Buck Institute for Research on Aging / Circulate Health
research_org · Novato, California, USA
FINANCIAL CONFLICTS
The Buck Institute for Research on Aging is a nonprofit aging-research organization founded in 1999 in Novato, California, with Eric Verdin as President/CEO since 2016. Circulate Health is a private for-profit company co-founded by Verdin, by Dobri Kiprov (Chief Scientific Officer; senior apheresis clinician with more than four decades of practice; founding member of the American Society for Apheresis), and by Brad Younggren (CEO). The *Aging Cell* trial published 28 May 2025 states the authors received no specific funding for the work; the disclosed conflict of interest is that three of the listed authors (David Furman, Eric Verdin, Dobri Kiprov) are members of Circulate; Verdin and Kiprov are co-founders, and the paper acknowledges technology support from Edifice Health.
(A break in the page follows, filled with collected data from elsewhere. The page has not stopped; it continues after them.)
lemma exists_distinct_norm_eq_minus_1:
  assumes card: "CARD('a::{finite,field}) = r ^ 2" and r: "r = CHAR('a) ^ e"
  shows "\<exists>a b::'a. a \<noteq> b \<and> a ^ (r + 1) = -1 \<and> b ^ (r + 1) = -1"
proof -
  have "r \<ge> 2"
  proof (rule ccontr)
    assume "\<not> r \<ge> 2"
    then have "r ^ 2 \<le> 1"
      using power_mono[of r 1 2] by simp
    then show False
      using two_le_card_field[where 'a='a] card by linarith
  qed
  have "(-1::'a) \<in> (\<lambda>x. x ^ (r + 1)) ` (-{0})"
    unfolding norm_image_eq[OF card \<open>r \<ge> 2\<close>] using minus_one_power_pred_eq_1[OF r] by simp
  then obtain a :: 'a where "a \<noteq> 0" "a ^ (r + 1) = -1"
    by (metis ComplD imageE singletonI)
  obtain z :: 'a where "z \<noteq> 1" "z ^ (r + 1) = 1"
    using exists_nontrivial_norm_eq_1[OF card \<open>r \<ge> 2\<close>] by blast
  have "a \<noteq> a * z"
    using \<open>a \<noteq> 0\<close> \<open>z \<noteq> 1\<close> by simp
  moreover have "(a * z) ^ (r + 1) = -1"
    by (simp only: power_mult_distrib \<open>a ^ (r + 1) = -1\<close> \<open>z ^ (r + 1) = 1\<close> mult_1_right)
  ultimately show ?thesis
    using \<open>a ^ (r + 1) = -1\<close> by blast
qed

definition vec_concat :: "nat \<Rightarrow> (nat \<Rightarrow> 'a::zero) \<Rightarrow> (nat \<Rightarrow> 'a) \<Rightarrow> nat \<Rightarrow> 'a" where
  "vec_concat n u v = (\<lambda>y. if y < n then u y else if y < 2 * n then v (y - n) else 0)"

definition matrix2 :: "'a \<Rightarrow> 'a \<Rightarrow> 'a \<Rightarrow> 'a \<Rightarrow> nat \<Rightarrow> nat \<Rightarrow> 'a" where
  "matrix2 a00 a01 a10 a11 =
     (\<lambda>i j. if i = 0 then (if j = 0 then a00 else a01) else (if j = 0 then a10 else a11))"

definition mp_word :: "nat \<Rightarrow> 'a \<Rightarrow> 'a \<Rightarrow> (nat \<Rightarrow> 'a::field) \<Rightarrow> (nat \<Rightarrow> 'a) \<Rightarrow> nat \<Rightarrow> 'a" where
  "mp_word n a b u v = vec_concat n (\<lambda>x. u x + v x) (\<lambda>x. a * u x + b * v x)"

lemma vec_concat_in_vecs: "vec_concat n u v \<in> vecs (2 * n)"
  by (simp add: vec_concat_def vecs_def)

lemma mp_code_matrix2:
  fixes C :: "nat \<Rightarrow> (nat \<Rightarrow> 'a::field) set"
  shows "mp_code 2 2 n C (matrix2 a00 a01 a10 a11) =
     {vec_concat n (\<lambda>x. a00 * c0 x + a10 * c1 x) (\<lambda>x. a01 * c0 x + a11 * c1 x) | c0 c1.
        c0 \<in> C 0 \<and> c1 \<in> C 1}" (is "_ = ?words")
proof -
  have block_eq: "(\<lambda>x. if x < 2 * n then \<Sum>i<2. matrix2 a00 a01 a10 a11 i (x div n) * c i (x mod n) else 0)
      = vec_concat n (\<lambda>x. a00 * c 0 x + a10 * c 1 x) (\<lambda>x. a01 * c 0 x + a11 * c 1 x)" for c
  proof
    fix x
    show "(if x < 2 * n then \<Sum>i<2. matrix2 a00 a01 a10 a11 i (x div n) * c i (x mod n) else 0)
        = vec_concat n (\<lambda>x. a00 * c 0 x + a10 * c 1 x) (\<lambda>x. a01 * c 0 x + a11 * c 1 x) x"
    proof (cases "x < n")
      case False
      then have "x < 2 * n \<Longrightarrow> x div n = 1 \<and> x mod n = x - n"
        by (simp add: div_if mod_if le_div_geq)
      with False show ?thesis
        by (simp add: vec_concat_def matrix2_def numeral_2_eq_2)
    qed (simp add: vec_concat_def matrix2_def numeral_2_eq_2)
  qed
  show ?thesis
  proof (intro equalityI subsetI)
    fix w assume "w \<in> mp_code 2 2 n C (matrix2 a00 a01 a10 a11)"
    then obtain c where c: "\<forall>i<2. c i \<in> C i"
      and "w = vec_concat n (\<lambda>x. a00 * c 0 x + a10 * c 1 x) (\<lambda>x. a01 * c 0 x + a11 * c 1 x)"
      unfolding mp_code_def block_eq by blast
    moreover have "c 0 \<in> C 0" "c 1 \<in> C 1"
      using c by simp_all
    ultimately show "w \<in> ?words"
      by blast
  next
    fix w assume "w \<in> ?words"
    then obtain c0 c1 where c: "c0 \<in> C 0" "c1 \<in> C 1"
      and w: "w = vec_concat n (\<lambda>x. a00 * c0 x + a10 * c1 x) (\<lambda>x. a01 * c0 x + a11 * c1 x)"
      by blast
    let ?c = "\<lambda>i. if i = 0 then c0 else c1"
    show "w \<in> mp_code 2 2 n C (matrix2 a00 a01 a10 a11)"
      unfolding mp_code_def mem_Collect_eq
      using block_eq[of ?c] c by (intro exI[of _ ?c]) (simp add: w less_2_cases_iff)
  qed
qed

lemma mp_code_matrix2_eq_mp_words:
  "mp_code 2 2 n C (matrix2 1 a 1 b) = {mp_word n a b u v | u v. u \<in> C 0 \<and> v \<in> C 1}"
  by (simp add: mp_code_matrix2 mp_word_def)

lemma vecs_eq_0_iff:
  assumes "v \<in> vecs n"
  shows "v = 0 \<longleftrightarrow> (\<forall>x<n. v x = 0)"
proof
  assume "\<forall>x<n. v x = 0"
  then have "v x = 0" for x
    using assms by (cases "x < n") (simp_all add: vecs_def)
  then show "v = 0"
    by (simp add: fun_eq_iff)
qed simp

lemma hamming_weight_eq_0_iff:
  assumes "v \<in> vecs n"
  shows "hamming_weight n v = 0 \<longleftrightarrow> v = 0"
proof -
  have "finite {x. x < n \<and> v x \<noteq> 0}"
    by simp
  then show ?thesis
    unfolding hamming_weight_def vecs_eq_0_iff[OF assms] by auto
qed

lemma lessThan_double: "{..<2 * n} = {..<n} \<union> (\<lambda>x. x + n) ` {..<n::nat}"
  by (simp add: lessThan_atLeast0 mult_2 ivl_disj_un_two)

lemma sum_lessThan_double:
  fixes n :: nat
  shows "(\<Sum>y<2 * n. g y) = (\<Sum>x<n. g x) + (\<Sum>x<n. g (x + n))"
  by (subst lessThan_double, subst sum.union_disjoint) (auto simp: sum.reindex)

lemma hamming_weight_eq_sum: "hamming_weight n v = (\<Sum>x<n. if v x \<noteq> 0 then 1 else 0)"
proof -
  have "hamming_weight n v = (\<Sum>x\<in>{x \<in> {..<n}. v x \<noteq> 0}. 1)"
    by (simp add: hamming_weight_def)
  also have "\<dots> = (\<Sum>x<n. if v x \<noteq> 0 then 1 else 0)"
    by (rule sum.inter_filter) simp
  finally show ?thesis .
qed

lemma hamming_weight_vec_concat:
  "hamming_weight (2 * n) (vec_concat n u v) = hamming_weight n u + hamming_weight n v"
  unfolding hamming_weight_eq_sum sum_lessThan_double by (simp add: vec_concat_def)
(* Suppose $(\mathcal W,\mathcal W,\mu)$ is a reduced system of the FTvN system $(\mathcal V,\mathcal W,\lambda)$, with $\mathcal W$ finite dimensional. Let $F:=\operatorname{ran}\lambda$ and let $F^*=\{w\in\mathcal W:\langle w,f\rangle\ge0\ \forall f\in F\}$ be its dual cone in $\mathcal W$. Then: (a) If $u,v\in F$ and $u-v\in F^*$, then $v\prec u$ in $\mathcal W$. (b) For all $x_1,\dots,x_k\in\mathcal V$, $\lambda(x_1+\cdots+x_k)\prec\lambda(x_1)+\cdots+\lambda(x_k)$ in $\mathcal W$. (c) $x\prec y$ in $\mathcal V$ implies $\lambda(x)\prec\lambda(y)$ in $\mathcal W$; the converse holds if $\mathcal V$ is finite dimensional.
   Context: A Fan-Theobald-von Neumann (FTvN) system is a triple $(\mathcal V,\mathcal W,\lambda)$ where $\mathcal V,\mathcal W$ are real inner product spaces and $\lambda:\mathcal V\to\mathcal W$ is a map such that: (A1) $\|\lambda(x)\|=\|x\|$ for all $x$; (A2) $\langle x,y\rangle\le\langle\lambda(x),\lambda(y)\rangle$ for all $x,y$; (A3) for every $c\in\mathcal V$ and $q\in\lambda(\mathcal V)$ there exists $x$ with $\lambda(x)=q$ and $\langle c,x\rangle=\langle\lambda(c),\lambda(x)\rangle$. A FTvN system $(\mathcal W,\mathcal W,\mu)$ is a reduced system of $(\mathcal V,\mathcal W,\lambda)$ if (C1) $\mu\circ\lambda=\lambda$ and (C2) $\operatorname{ran}\mu\subseteq\operatorname{ran}\lambda$. Majorization in $\mathcal V$: $x\prec y$ iff $x\in\operatorname{conv}\{z\in\mathcal V:\lambda(z)=\lambda(y)\}$. Majorization in $\mathcal W$ (with respect to $\mu$): $v\prec u$ iff $v\in\operatorname{conv}\{w\in\mathcal W:\mu(w)=\mu(u)\}$. *)

theory Defs
  imports "HOL-Analysis.Analysis"
begin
Circulate is commercializing the protocol as a private clinical service at the time of writing; the 2.61-year biological-age-reduction finding from the trial is deployed directly in Circulate's marketing materials. The conflict structure (a surrogate-endpoint trial with PIs as company members and a commercial product launched on the strength of the trial finding) is acknowledged in the paper's disclosures but is structurally identical to the developer-vendor-credentialing identity pattern that recurs across the historical cases in this archive. Specific equity stakes and commercial terms are not specified in the public record.
INTERVENTIONS PROMOTED
NOTES
The Buck Institute for Research on Aging is one of the leading nonprofit aging-research organizations in the United States. Its scientific portfolio is broader than the TPE-IVIG protocol, and the institutional credential it provides to Circulate Health rests on decades of basic aging research independent of the plasma-exchange work. Circulate Health is the clinical-commercial vehicle through which the TPE-IVIG protocol reaches paying clients; it is the contemporary counterpart of Clinique La Prairie in the Niehans case (Niehans’s developer-and-vendor identity in a single physician, now distributed across an institute and an affiliated company). The structural conflict between research institution, company, and clinical-service marketing is the central feature of the case and the primary subject of critical commentary in the apheresis and aging-medicine literature.